Pandangan serupa disampaikan Direktur Finance & Strategy Bank Mandiri Novita Widya Anggraini. Menurut dia, keputusan BI mencerminkan ketegasan bank sentral dalam menjaga stabilitas rupiah di tengah tekanan eksternal, termasuk konflik di Timur Tengah dan arus keluar investasi portofolio asing.

“Stabilitas yang terjaga merupakan fondasi penting bagi keberlanjutan aktivitas ekonomi, kepercayaan pelaku usaha dan masyarakat, serta penciptaan ruang pertumbuhan yang sehat dalam jangka panjang,” ujar Novita.

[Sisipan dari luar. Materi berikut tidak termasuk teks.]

text \<open>rho is the matrix of the action of Q \<rtimes> Z on ker Psi with respect to a basis (B1, B2) of ker Psi.\<close>
definition tau_q_odd :: "nat \<Rightarrow> 'k::field \<Rightarrow> (mat3 \<Rightarrow> 'k) \<Rightarrow> 'k \<Rightarrow> (mat3 \<times> int \<Rightarrow> 'k) \<Rightarrow> (mat3 \<times> int \<Rightarrow> 'k)
     \<Rightarrow> ((mat3 \<times> int \<Rightarrow> 'k) \<Rightarrow> (mat3 \<times> int \<Rightarrow> 'k)) \<Rightarrow> (mat3 \<times> int \<Rightarrow> 'k) \<Rightarrow> (mat3 \<times> int \<Rightarrow> 'k)
     \<Rightarrow> (mat3 \<times> int \<Rightarrow> 'k^2^2) \<Rightarrow> bool" where
  "tau_q_odd f s \<phi> \<eta> \<phi>1 \<phi>2 \<Psi> B1 B2 \<rho> \<longleftrightarrow>
     (let q = (of_nat (2 ^ f) :: 'k); K = {F \<in> Ind f (Cgrp f) \<phi>1. (\<forall>y. \<Psi> F y = 0)} in
       \<eta>^2 + s ^ (f + 1) * \<eta> + q = 0
     \<and> is_character (gmul f) (Cgrp f) \<phi>1
     \<and> \<phi>1 (gm F1 Fz Fz, 1) = \<eta> / q
     \<and> \<phi>1 (gm F1 F0 F0, 2) = - 1 / q
     \<and> is_character (gmul f) C6Z \<phi>2
     \<and> (\<forall>z\<in>Zc. \<forall>c\<in>C3. \<phi>2 (mmul z c, 0) = \<phi> z)
     \<and> \<phi>2 (gm F1 F0 F0, 1) = s ^ f / q
     \<and> G_hom f (Ind f (Cgrp f) \<phi>1) (Ind f C6Z \<phi>2) \<Psi>
     \<and> \<Psi> ` (Ind f (Cgrp f) \<phi>1) = Ind f C6Z \<phi>2
     \<and> B1 \<in> K \<and> B2 \<in> K
     \<and> (\<forall>a b. (\<lambda>y. a * B1 y + b * B2 y) = (\<lambda>y. 0) \<longrightarrow> a = 0 \<and> b = 0)
     \<and> (\<forall>F\<in>K. \<exists>a b. F = (\<lambda>y. a * B1 y + b * B2 y))
     \<and> (\<forall>x\<in>Gset f. transl f x B1 = (\<lambda>y. \<rho> x $ 1 $ 1 * B1 y + \<rho> x $ 2 $ 1 * B2 y)
                 \<and> transl f x B2 = (\<lambda>y. \<rho> x $ 1 $ 2 * B1 y + \<rho> x $ 2 $ 2 * B2 y)))"

end

theory Submission
  imports Defs
begin

text \<open>
  The determinant of a representation of Q \<rtimes> Z is a character, so it is determined by its
  values on generators. On Q it is trivial as soon as it is trivial on g(\<zeta>,0,0): conjugation by
  that element permutes i = g(1,1,\<zeta>), j = g(1,\<zeta>^2,\<zeta>), k = g(1,\<zeta>,\<zeta>) cyclically, and k = i j.
  What remains is the value at the generator (1,1) of Z.

  For f even, \<tau>_q(1,1) is the scalar (-2)^(-f/2), and \<tau>_q(g(\<zeta>,0,0)) has order 3 and trace -1,
  hence determinant 1. For f odd, the central elements (g(1,0,1),0) and (1,2) of C act on
  Ind \<phi>1, hence on ker \<Psi>, by the scalars -1 (because \<eta>^4 = -q^2) and -1/q. So A = \<tau>_q(1,1)
  satisfies A^2 = -1/q. Conjugation by (1,1) maps g(1,1,\<zeta>) to g(1,0,1) g(1,1,\<zeta>), so A
  anticommutes with the invertible matrix \<tau>_q(g(1,1,\<zeta>)); hence A is traceless and
  det A = 1/q by Cayley-Hamilton. Conjugation by (1,1) also squares g(\<zeta>,0,0), which forces
  its determinant to be 1.
\<close>

instantiation F4 :: comm_ring_1
begin

definition zero_F4_def: "0 = F0"
definition one_F4_def: "1 = F1"
definition plus_F4_def: "x + y = f4_add x y"
definition times_F4_def: "x * y = f4_mul x y"
definition uminus_F4_def: "- (x::F4) = x"
definition minus_F4_def: "x - y = f4_add x y"

instance
proof
  fix a b c :: F4
  show "a * b * c = a * (b * c)" unfolding times_F4_def by (cases a; cases b; cases c) auto
  show "a * b = b * a" unfolding times_F4_def by (cases a; cases b) auto
  show "1 * a = a" unfolding times_F4_def one_F4_def by (cases a) auto
  show "a + b + c = a + (b + c)" unfolding plus_F4_def by (cases a; cases b; cases c) auto
  show "a + b = b + a" unfolding plus_F4_def by (cases a; cases b) auto
  show "0 + a = a" unfolding plus_F4_def zero_F4_def by (cases a) auto
  show "- a + a = 0" unfolding plus_F4_def zero_F4_def uminus_F4_def by (cases a) auto
  show "a - b = a + - b" unfolding plus_F4_def minus_F4_def uminus_F4_def by simp
  show "(a + b) * c = a * c + b * c"
    unfolding plus_F4_def times_F4_def by (cases a; cases b; cases c) auto
  show "(0::F4) \<noteq> 1" unfolding zero_F4_def one_F4_def by simp
qed

end

lemma f4_add_eq_plus: "f4_add x y = x + y"
  by (simp add: plus_F4_def)

lemma f4_mul_eq_times: "f4_mul x y = x * y"
  by (simp add: times_F4_def)

lemma F0_eq_zero: "F0 = 0"
  by (simp add: zero_F4_def)

lemma F1_eq_one: "F1 = 1"
  by (simp add: one_F4_def)

lemma f4_sq_add: "f4_sq (x + y) = f4_sq x + f4_sq y"
  unfolding f4_sq_def plus_F4_def by (cases x; cases y) auto

lemma f4_sq_mult: "f4_sq (x * y) = f4_sq x * f4_sq y"
  unfolding f4_sq_def times_F4_def by (cases x; cases y) auto

lemma f4_sq_sq: "f4_sq (f4_sq x) = x"
  unfolding f4_sq_def by (cases x) auto

lemma f4_sq_zero [simp]: "f4_sq 0 = 0" and f4_sq_one [simp]: "f4_sq 1 = 1"
  by (simp_all add: f4_sq_def zero_F4_def one_F4_def)

lemma f4_act_add: "f4_act f r (x + y) = f4_act f r x + f4_act f r y"
  by (simp add: f4_act_def f4_sq_add)

lemma f4_act_mult: "f4_act f r (x * y) = f4_act f r x * f4_act f r y"
  by (simp add: f4_act_def f4_sq_mult)

lemma f4_act_zero [simp]: "f4_act f r 0 = 0" and f4_act_one [simp]: "f4_act f r 1 = 1"
  by (simp_all add: f4_act_def)

lemma f4_act_0 [simp]: "f4_act f 0 x = x"
  by (simp add: f4_act_def)

lemma f4_act_f4_act: "f4_act f r (f4_act f r' x) = f4_act f (r + r') x"
  by (auto simp: f4_act_def f4_sq_sq algebra_simps)

lemma f4_act_f4_sq: "f4_act f r (f4_sq x) = f4_sq (f4_act f r x)"
  by (simp add: f4_act_def)

section \<open>The group Q\<close>

lemma mmul_gm:
  "mmul (gm a b c) (gm a' b' c') = gm (a * a') (a * b' + b * f4_sq a') (a * c' + b * f4_sq b' + c * a')"
  (is "?lhs = ?rhs")
proof (intro ext)
  fix i j :: nat
  show "?lhs i j = ?rhs i j"
    by (cases "i < 3 \<and> j < 3") (auto simp: mmul_def gm_def f4_add_eq_plus f4_mul_eq_times
        F0_eq_zero f4_sq_add f4_sq_mult f4_sq_sq algebra_simps numeral_3_eq_3 less_Suc_eq)
qed

lemmas gm_compute = mmul_gm times_F4_def plus_F4_def f4_sq_def

lemma mmul_assoc: "mmul (mmul A B) C = mmul A (mmul B C)"
  unfolding mmul_def by (intro ext) (auto simp: f4_add_eq_plus f4_mul_eq_times algebra_simps)

lemma gm_eq_iff: "gm a b c = gm a' b' c' \<longleftrightarrow> a = a' \<and> b = b' \<and> c = c'"
proof
  assume "gm a b c = gm a' b' c'"
  then have "gm a b c 0 0 = gm a' b' c' 0 0" "gm a b c 0 1 = gm a' b' c' 0 1"
    "gm a b c 0 2 = gm a' b' c' 0 2"
    by simp_all
  then show "a = a' \<and> b = b' \<and> c = c'" by (simp add: gm_def)
qed simp

lemma gm_in_Qgrp_iff:
  "gm a b c \<in> Qgrp \<longleftrightarrow> a \<noteq> F0 \<and> f4_add (f4_mul a (f4_sq c)) (f4_mul (f4_sq a) c) = f4_cube b"
  unfolding Qgrp_def by (auto simp: gm_eq_iff)

lemmas Qgrp_compute = gm_in_Qgrp_iff f4_sq_def f4_cube_def

lemma QgrpE:
  assumes "M \<in> Qgrp"
  obtains a b c where "M = gm a b c" and "gm a b c \<in> Qgrp"
proof -
  from assms obtain a b c where "M = gm a b c" unfolding Qgrp_def by blast
  with assms that show thesis by blast
qed

lemma mmul_gm_in_Qgrp:
  "gm a b c \<in> Qgrp \<Longrightarrow> gm a' b' c' \<in> Qgrp \<Longrightarrow> mmul (gm a b c) (gm a' b' c') \<in> Qgrp"
  unfolding mmul_gm gm_in_Qgrp_iff plus_F4_def times_F4_def
  by (cases a; cases b; cases c; simp add: f4_sq_def f4_cube_def;
      cases a'; cases b'; cases c'; simp add: f4_sq_def f4_cube_def)

lemma mmul_in_Qgrp:
  assumes "M \<in> Qgrp" and "N \<in> Qgrp"
  shows "mmul M N \<in> Qgrp"
proof -
  obtain a b c a' b' c' where "M = gm a b c" "gm a b c \<in> Qgrp" "N = gm a' b' c'" "gm a' b' c' \<in> Qgrp"
    using assms by (meson QgrpE)
  then show ?thesis by (simp add: mmul_gm_in_Qgrp)
qed

lemma one3_in_Qgrp: "one3 \<in> Qgrp"
  by (simp add: one3_def Qgrp_compute)

lemma mmul_one3_right: "M \<in> Qgrp \<Longrightarrow> mmul M one3 = M"
  by (erule QgrpE) (simp add: one3_def mmul_gm F0_eq_zero F1_eq_one)

lemma mmul_one3_left: "M \<in> Qgrp \<Longrightarrow> mmul one3 M = M"
  by (erule QgrpE) (simp add: one3_def mmul_gm F0_eq_zero F1_eq_one)

lemma gm_eq_Q8_times_C3:
  assumes "gm a b c \<in> Qgrp"
  shows "gm a b c = mmul (gm F1 (b * a) (c * a * a)) (gm a F0 F0)"
    and "gm F1 (b * a) (c * a * a) \<in> Qgrp" and "a \<in> {F1, Fz, Fz2}"
  using assms unfolding gm_in_Qgrp_iff mmul_gm times_F4_def plus_F4_def gm_eq_iff
  by (cases a; cases b; cases c; auto simp: f4_sq_def f4_cube_def)+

Ia menegaskan perbankan tetap memiliki peran penting dalam menjaga kelancaran aktivitas ekonomi melalui fungsi intermediasi dan layanan transaksi yang andal. Karena itu, Bank Mandiri optimistis dapat terus mendukung kebutuhan pembiayaan pelaku usaha, UMKM, dan masyarakat.

Sementara itu, Corporate Secretary BSI Wisnu Sunandar menilai kebijakan BI tetap memberikan ruang bagi industri perbankan untuk tumbuh secara berkelanjutan. Menurut dia, BSI memiliki kekuatan pada struktur dana murah yang didukung tabungan haji dan tabungan berbasis akad wadiah.

“Fungsi intermediasi yang baik melalui optimalisasi dana murah diharapkan mampu memberikan multiplier effect terhadap penyaluran pembiayaan yang kompetitif sehingga mampu menjangkau nasabah yang lebih luas,” ujar Wisnu.

Dari sisi ekonomi makro, Chief Economist BTN Myrdal Gunarto menilai kenaikan BI Rate merupakan langkah antisipatif untuk menjaga stabilitas rupiah dan mengendalikan tekanan inflasi di tengah ketidakpastian global.

Dengan dukungan investasi dan intermediasi perbankan yang tetap terjaga, BTN memperkirakan pertumbuhan ekonomi Indonesia masih dapat mencapai sekitar 5,2 persen pada tahun ini.